======== Materials provided ========

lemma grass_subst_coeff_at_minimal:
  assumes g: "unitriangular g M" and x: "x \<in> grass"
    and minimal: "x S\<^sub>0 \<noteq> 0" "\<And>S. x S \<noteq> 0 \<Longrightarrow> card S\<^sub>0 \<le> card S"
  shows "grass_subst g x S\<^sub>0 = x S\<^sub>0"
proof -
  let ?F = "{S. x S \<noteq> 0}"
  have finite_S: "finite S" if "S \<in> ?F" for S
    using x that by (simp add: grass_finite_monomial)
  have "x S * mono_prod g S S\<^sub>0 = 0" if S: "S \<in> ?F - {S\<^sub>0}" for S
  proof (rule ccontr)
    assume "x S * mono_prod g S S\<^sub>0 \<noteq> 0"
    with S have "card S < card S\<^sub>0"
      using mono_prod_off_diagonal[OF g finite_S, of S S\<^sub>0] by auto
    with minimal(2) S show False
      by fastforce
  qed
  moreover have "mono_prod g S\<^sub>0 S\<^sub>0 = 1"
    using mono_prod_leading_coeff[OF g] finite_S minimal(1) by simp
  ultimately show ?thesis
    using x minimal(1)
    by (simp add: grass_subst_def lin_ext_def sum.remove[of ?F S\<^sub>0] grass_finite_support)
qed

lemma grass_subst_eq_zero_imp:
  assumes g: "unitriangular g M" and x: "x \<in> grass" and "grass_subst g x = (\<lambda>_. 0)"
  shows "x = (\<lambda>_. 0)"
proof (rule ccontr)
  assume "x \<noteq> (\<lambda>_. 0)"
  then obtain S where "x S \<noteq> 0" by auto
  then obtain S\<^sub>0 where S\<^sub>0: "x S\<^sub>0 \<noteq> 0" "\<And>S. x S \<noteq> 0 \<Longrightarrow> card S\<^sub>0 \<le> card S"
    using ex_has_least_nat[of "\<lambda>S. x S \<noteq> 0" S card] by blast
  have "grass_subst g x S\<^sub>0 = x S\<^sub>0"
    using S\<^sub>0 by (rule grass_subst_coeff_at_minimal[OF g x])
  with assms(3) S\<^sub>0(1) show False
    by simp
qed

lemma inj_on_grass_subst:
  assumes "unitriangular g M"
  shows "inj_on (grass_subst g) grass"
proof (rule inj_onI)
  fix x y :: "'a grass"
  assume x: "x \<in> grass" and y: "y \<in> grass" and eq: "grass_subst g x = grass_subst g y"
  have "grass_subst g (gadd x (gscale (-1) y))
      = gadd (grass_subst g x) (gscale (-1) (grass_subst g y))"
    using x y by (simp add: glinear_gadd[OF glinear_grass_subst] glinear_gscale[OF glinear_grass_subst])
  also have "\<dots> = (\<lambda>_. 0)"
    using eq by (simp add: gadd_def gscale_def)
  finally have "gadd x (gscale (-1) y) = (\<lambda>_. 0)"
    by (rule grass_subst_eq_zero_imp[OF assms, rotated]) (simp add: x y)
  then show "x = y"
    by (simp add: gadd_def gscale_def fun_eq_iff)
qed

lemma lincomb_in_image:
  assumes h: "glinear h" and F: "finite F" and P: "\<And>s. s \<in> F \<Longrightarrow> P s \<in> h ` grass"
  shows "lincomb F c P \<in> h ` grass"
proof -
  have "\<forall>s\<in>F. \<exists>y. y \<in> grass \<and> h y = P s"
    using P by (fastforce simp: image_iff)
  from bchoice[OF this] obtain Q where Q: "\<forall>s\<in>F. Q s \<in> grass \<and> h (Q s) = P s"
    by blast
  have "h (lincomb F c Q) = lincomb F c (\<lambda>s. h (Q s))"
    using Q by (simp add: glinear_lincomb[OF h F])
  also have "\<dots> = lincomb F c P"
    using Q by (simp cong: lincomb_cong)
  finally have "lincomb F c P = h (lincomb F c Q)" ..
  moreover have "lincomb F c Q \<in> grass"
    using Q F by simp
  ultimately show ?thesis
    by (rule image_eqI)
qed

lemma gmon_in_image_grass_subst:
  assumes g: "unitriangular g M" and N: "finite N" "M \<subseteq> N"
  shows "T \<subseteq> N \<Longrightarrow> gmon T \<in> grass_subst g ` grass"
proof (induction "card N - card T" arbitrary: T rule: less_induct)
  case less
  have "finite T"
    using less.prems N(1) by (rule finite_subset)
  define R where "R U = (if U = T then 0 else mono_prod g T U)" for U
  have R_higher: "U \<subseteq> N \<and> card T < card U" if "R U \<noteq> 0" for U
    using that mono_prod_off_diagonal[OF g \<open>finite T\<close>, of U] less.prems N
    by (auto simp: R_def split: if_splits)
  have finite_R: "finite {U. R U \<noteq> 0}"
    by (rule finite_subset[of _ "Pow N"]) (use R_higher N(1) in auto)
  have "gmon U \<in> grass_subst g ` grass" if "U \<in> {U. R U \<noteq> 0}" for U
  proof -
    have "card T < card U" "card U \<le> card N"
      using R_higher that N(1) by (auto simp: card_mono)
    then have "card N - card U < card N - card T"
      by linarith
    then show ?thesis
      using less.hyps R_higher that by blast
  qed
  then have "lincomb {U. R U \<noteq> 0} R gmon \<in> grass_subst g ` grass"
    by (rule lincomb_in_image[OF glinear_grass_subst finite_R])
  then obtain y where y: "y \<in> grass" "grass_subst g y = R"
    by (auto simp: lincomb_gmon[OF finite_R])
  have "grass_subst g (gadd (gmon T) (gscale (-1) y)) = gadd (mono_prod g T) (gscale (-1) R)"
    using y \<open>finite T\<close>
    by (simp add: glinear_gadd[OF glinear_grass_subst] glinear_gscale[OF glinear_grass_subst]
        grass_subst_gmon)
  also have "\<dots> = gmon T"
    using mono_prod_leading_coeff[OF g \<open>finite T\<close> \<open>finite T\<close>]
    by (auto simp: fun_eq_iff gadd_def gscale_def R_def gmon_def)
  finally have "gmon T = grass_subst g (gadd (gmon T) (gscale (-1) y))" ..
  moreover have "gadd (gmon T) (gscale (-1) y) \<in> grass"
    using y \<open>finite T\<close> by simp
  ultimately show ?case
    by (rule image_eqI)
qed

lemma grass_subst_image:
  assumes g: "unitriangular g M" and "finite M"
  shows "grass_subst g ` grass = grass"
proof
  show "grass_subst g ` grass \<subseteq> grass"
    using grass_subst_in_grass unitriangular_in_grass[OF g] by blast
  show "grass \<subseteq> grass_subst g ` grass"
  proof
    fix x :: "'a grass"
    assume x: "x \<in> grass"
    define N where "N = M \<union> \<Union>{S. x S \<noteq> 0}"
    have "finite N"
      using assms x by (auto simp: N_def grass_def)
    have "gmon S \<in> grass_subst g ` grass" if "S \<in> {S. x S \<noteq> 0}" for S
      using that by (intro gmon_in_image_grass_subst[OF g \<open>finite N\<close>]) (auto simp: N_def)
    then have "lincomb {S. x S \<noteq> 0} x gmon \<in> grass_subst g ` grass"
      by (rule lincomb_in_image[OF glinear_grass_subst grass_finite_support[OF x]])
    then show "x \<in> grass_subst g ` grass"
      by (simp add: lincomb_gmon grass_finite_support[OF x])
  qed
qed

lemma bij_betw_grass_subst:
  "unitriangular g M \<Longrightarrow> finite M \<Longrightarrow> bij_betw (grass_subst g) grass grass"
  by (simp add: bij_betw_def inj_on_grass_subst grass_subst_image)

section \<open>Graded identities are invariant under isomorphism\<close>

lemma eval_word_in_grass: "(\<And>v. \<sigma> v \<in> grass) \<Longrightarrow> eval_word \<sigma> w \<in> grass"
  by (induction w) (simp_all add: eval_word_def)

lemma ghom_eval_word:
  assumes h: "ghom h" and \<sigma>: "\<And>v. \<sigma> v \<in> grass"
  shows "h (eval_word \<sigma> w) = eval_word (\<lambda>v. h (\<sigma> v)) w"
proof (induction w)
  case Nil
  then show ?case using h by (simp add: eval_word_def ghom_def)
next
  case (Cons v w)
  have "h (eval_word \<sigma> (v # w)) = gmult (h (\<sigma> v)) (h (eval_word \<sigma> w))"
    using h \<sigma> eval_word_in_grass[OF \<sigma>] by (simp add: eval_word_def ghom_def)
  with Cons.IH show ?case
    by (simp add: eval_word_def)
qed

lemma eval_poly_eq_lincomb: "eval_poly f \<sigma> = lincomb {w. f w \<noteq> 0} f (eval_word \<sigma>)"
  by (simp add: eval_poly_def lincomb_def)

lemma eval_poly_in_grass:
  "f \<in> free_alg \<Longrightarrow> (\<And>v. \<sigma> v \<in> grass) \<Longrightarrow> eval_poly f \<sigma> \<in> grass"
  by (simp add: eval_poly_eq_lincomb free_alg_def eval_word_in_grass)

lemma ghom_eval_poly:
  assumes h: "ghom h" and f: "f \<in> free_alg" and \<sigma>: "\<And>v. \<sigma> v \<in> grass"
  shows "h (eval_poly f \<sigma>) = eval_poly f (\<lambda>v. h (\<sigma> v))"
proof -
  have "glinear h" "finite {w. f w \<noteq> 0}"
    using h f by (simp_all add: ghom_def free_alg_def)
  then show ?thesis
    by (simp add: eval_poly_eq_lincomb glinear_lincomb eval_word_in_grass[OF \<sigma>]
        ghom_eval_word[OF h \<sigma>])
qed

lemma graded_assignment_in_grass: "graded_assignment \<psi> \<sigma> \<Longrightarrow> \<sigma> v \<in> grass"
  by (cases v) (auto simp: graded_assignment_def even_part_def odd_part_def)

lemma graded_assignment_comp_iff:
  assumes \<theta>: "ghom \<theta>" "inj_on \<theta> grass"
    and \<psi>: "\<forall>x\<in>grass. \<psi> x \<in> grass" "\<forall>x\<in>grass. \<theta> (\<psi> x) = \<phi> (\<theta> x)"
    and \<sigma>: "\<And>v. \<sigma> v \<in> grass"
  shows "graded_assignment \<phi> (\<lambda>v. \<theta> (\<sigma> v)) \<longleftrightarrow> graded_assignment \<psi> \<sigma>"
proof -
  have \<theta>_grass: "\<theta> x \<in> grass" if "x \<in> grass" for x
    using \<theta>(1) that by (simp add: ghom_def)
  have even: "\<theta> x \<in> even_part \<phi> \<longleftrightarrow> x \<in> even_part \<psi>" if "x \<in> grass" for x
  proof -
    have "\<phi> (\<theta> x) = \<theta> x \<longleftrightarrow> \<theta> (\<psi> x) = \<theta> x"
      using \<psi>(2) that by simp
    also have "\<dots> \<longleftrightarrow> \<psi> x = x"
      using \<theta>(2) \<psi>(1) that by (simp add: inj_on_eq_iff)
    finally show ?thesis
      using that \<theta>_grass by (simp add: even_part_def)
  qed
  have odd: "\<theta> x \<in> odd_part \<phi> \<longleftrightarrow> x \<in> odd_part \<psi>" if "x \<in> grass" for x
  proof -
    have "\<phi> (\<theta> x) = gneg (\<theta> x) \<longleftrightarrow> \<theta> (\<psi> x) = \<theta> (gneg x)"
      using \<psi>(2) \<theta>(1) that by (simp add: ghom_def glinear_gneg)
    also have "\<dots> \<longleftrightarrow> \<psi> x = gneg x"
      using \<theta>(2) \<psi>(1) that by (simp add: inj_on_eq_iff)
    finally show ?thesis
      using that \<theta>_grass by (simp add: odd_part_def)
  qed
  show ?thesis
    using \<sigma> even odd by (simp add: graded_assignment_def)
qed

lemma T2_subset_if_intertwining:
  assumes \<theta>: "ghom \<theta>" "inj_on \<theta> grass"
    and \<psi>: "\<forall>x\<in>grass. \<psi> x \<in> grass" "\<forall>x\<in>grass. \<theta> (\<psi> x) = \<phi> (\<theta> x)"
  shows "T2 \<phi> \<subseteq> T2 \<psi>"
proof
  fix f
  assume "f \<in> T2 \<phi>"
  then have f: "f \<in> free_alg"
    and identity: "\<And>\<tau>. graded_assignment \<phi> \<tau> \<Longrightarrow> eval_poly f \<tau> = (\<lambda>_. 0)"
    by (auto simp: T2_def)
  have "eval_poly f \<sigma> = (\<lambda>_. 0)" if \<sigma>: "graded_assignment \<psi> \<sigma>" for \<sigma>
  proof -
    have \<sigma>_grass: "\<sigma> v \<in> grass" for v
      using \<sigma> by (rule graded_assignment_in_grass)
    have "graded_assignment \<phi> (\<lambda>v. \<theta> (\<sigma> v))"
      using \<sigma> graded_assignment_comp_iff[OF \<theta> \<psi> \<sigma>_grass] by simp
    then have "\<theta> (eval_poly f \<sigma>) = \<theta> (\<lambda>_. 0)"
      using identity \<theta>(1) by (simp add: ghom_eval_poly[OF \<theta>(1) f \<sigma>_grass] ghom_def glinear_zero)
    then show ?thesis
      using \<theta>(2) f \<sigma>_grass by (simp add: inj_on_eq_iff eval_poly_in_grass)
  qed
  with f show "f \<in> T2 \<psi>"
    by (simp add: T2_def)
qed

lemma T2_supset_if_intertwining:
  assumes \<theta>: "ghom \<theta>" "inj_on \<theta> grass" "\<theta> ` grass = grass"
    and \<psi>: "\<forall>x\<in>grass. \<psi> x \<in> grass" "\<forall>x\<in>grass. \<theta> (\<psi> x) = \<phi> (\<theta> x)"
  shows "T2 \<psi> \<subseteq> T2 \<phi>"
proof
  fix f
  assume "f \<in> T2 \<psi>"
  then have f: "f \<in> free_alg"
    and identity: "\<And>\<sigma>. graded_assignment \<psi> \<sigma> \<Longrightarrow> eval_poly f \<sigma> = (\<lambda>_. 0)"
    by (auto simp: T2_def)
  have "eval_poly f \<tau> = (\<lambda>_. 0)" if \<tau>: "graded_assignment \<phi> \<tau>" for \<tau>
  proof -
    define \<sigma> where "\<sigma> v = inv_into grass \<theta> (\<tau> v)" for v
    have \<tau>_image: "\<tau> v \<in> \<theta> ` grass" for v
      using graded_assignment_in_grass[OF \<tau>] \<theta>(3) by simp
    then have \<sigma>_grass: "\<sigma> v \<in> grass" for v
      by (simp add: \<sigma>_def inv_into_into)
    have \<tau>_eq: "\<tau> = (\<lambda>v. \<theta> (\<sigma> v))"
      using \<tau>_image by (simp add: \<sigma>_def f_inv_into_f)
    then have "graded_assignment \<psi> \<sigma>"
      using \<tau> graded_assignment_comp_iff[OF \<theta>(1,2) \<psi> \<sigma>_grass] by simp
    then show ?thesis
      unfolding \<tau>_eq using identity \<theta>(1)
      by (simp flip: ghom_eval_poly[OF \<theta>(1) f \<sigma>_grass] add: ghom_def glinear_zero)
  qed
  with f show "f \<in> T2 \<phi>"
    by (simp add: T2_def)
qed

========

> [Activity]:
Select and copy each line from the data that includes the word "define".

> [Final answer]:
  define R where "R U = (if U = T then 0 else mono_prod g T U)" for U
    define N where "N = M \<union> \<Union>{S. x S \<noteq> 0}"
    define \<sigma> where "\<sigma> v = inv_into grass \<theta> (\<tau> v)" for v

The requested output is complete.